___ RECORDS PROVIDED
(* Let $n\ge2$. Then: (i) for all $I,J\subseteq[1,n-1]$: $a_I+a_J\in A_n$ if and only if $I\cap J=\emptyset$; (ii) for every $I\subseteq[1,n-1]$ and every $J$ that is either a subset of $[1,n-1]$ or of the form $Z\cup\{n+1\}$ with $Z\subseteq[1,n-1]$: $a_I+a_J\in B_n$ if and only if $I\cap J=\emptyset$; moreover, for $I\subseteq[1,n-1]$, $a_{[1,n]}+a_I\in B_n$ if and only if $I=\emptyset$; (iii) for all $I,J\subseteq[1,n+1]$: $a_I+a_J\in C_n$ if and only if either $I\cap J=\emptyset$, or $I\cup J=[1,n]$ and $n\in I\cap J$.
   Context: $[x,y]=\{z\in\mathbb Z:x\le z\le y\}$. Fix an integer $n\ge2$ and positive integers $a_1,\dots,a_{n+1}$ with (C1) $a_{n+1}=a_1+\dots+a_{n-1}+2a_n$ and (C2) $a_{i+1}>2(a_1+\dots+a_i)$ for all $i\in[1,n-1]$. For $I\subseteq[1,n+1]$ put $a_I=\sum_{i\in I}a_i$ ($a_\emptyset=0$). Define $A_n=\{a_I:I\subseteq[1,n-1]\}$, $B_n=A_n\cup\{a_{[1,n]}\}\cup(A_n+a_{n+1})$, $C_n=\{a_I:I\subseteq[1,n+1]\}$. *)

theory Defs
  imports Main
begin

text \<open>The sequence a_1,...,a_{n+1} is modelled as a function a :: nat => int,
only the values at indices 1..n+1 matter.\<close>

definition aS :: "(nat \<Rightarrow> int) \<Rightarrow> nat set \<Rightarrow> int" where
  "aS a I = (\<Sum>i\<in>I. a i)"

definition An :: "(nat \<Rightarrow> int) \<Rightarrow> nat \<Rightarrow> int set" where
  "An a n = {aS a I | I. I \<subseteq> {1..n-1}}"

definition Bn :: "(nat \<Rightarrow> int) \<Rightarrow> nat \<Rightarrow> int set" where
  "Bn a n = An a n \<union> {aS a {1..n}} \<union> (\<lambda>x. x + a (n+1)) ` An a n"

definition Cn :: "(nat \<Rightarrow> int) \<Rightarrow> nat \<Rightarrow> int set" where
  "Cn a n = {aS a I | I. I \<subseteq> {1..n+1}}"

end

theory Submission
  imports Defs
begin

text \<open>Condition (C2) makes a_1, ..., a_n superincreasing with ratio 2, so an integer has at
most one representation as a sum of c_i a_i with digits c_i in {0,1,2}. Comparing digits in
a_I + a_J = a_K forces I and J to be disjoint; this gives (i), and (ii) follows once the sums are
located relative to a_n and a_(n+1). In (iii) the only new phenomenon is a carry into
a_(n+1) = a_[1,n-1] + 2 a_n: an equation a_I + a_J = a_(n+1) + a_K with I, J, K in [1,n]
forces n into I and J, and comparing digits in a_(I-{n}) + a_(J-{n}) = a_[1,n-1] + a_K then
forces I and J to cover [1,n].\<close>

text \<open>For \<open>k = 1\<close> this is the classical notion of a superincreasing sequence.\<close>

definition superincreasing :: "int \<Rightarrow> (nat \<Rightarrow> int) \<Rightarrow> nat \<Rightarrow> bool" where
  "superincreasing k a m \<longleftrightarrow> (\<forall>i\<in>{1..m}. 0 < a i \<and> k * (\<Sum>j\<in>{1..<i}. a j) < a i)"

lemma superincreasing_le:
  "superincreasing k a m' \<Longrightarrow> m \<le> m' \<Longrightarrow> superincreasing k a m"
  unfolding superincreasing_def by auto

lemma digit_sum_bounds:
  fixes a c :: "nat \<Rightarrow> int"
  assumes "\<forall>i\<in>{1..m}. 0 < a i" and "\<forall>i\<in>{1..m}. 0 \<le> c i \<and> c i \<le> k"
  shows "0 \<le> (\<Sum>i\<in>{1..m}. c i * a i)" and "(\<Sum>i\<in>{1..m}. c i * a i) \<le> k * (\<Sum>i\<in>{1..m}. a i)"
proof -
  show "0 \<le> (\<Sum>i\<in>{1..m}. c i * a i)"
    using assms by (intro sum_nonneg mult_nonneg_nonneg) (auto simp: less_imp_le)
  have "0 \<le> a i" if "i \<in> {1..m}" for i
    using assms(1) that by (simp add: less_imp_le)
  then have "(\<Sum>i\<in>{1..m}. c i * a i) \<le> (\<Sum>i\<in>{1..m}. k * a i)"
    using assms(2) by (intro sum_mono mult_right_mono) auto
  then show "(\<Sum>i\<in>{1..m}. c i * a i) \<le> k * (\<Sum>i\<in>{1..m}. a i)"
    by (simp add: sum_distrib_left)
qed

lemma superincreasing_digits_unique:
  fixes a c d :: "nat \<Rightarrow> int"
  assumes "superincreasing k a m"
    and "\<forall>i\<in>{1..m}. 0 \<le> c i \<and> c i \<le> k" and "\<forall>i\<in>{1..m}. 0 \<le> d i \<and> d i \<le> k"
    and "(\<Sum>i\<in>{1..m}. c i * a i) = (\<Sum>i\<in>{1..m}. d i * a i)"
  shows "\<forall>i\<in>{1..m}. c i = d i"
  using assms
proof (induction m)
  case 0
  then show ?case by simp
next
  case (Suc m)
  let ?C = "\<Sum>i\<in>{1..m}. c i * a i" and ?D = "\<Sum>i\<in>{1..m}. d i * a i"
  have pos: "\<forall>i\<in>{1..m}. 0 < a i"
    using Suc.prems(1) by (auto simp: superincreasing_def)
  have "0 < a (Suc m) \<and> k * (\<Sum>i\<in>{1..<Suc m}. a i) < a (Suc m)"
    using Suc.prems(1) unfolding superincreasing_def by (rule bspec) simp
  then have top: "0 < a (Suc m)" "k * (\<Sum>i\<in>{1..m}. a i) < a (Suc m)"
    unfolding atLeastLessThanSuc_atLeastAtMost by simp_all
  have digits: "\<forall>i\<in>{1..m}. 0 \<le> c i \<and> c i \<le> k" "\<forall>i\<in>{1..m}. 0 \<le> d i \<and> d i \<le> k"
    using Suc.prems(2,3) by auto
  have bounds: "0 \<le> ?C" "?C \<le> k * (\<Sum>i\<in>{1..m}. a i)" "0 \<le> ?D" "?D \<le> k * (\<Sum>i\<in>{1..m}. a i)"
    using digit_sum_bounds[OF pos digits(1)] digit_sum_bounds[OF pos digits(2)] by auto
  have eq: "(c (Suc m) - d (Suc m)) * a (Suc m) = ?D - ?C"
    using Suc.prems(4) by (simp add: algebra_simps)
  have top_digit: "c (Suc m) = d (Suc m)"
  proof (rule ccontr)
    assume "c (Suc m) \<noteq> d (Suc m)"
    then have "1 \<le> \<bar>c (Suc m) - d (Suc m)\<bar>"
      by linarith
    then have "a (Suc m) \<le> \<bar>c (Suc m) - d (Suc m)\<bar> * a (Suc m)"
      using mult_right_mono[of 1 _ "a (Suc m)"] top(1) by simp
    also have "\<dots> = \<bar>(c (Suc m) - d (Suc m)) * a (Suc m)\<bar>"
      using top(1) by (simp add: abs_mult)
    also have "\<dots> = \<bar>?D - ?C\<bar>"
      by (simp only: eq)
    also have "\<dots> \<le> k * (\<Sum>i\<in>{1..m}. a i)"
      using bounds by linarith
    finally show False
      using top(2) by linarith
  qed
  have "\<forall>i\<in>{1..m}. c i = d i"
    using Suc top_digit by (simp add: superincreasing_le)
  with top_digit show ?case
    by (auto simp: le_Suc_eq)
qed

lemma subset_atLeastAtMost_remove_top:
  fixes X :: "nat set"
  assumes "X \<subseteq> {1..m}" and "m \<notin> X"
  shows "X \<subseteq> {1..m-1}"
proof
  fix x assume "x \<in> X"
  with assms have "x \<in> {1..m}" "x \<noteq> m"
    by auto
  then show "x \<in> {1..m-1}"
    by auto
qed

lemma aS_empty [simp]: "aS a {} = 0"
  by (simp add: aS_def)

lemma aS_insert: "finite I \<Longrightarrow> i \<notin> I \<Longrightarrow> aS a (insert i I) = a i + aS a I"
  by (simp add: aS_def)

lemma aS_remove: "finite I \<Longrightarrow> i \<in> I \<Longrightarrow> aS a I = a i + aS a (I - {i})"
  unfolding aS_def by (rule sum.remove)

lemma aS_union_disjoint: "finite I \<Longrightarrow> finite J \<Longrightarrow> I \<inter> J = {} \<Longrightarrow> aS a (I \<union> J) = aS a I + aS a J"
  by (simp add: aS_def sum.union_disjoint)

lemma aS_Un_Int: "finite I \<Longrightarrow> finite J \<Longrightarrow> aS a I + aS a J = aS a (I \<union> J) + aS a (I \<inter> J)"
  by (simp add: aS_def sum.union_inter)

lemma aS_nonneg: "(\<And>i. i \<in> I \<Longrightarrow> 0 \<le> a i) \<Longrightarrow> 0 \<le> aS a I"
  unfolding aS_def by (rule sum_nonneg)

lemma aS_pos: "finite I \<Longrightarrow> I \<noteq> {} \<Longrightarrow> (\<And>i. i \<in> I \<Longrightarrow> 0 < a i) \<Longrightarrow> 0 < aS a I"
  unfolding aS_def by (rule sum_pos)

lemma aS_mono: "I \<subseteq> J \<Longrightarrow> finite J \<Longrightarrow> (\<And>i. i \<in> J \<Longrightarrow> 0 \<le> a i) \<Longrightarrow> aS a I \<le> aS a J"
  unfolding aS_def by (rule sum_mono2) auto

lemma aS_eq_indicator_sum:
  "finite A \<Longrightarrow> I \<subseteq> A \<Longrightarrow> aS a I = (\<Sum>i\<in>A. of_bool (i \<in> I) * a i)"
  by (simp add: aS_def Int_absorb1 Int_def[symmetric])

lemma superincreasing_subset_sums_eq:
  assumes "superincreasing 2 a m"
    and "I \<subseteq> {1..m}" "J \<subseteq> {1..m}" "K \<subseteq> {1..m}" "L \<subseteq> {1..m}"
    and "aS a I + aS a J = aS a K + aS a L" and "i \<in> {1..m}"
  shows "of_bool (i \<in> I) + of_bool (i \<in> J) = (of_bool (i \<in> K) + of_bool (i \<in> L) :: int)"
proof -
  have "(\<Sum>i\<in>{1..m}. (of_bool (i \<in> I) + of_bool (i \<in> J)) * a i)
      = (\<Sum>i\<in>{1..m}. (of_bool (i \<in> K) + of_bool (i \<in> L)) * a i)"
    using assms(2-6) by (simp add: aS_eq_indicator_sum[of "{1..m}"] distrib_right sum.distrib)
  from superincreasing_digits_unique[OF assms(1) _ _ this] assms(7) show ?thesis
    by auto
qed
______
:: WHAT TO PRODUCE ::
Please give again the lines above between the line holding "proof (rule ccontr)" and the line holding "unfolding aS_def by (rule sum.remove)", inclusive, exactly as they are and with nothing added.

:: THE ANSWER ::
  proof (rule ccontr)
    assume "c (Suc m) \<noteq> d (Suc m)"
    then have "1 \<le> \<bar>c (Suc m) - d (Suc m)\<bar>"
      by linarith
    then have "a (Suc m) \<le> \<bar>c (Suc m) - d (Suc m)\<bar> * a (Suc m)"
      using mult_right_mono[of 1 _ "a (Suc m)"] top(1) by simp
    also have "\<dots> = \<bar>(c (Suc m) - d (Suc m)) * a (Suc m)\<bar>"
      using top(1) by (simp add: abs_mult)
    also have "\<dots> = \<bar>?D - ?C\<bar>"
      by (simp only: eq)
    also have "\<dots> \<le> k * (\<Sum>i\<in>{1..m}. a i)"
      using bounds by linarith
    finally show False
      using top(2) by linarith
  qed
  have "\<forall>i\<in>{1..m}. c i = d i"
    using Suc top_digit by (simp add: superincreasing_le)
  with top_digit show ?case
    by (auto simp: le_Suc_eq)
qed

lemma subset_atLeastAtMost_remove_top:
  fixes X :: "nat set"
  assumes "X \<subseteq> {1..m}" and "m \<notin> X"
  shows "X \<subseteq> {1..m-1}"
proof
  fix x assume "x \<in> X"
  with assms have "x \<in> {1..m}" "x \<noteq> m"
    by auto
  then show "x \<in> {1..m-1}"
    by auto
qed

lemma aS_empty [simp]: "aS a {} = 0"
  by (simp add: aS_def)

lemma aS_insert: "finite I \<Longrightarrow> i \<notin> I \<Longrightarrow> aS a (insert i I) = a i + aS a I"
  by (simp add: aS_def)

lemma aS_remove: "finite I \<Longrightarrow> i \<in> I \<Longrightarrow> aS a I = a i + aS a (I - {i})"
  unfolding aS_def by (rule sum.remove)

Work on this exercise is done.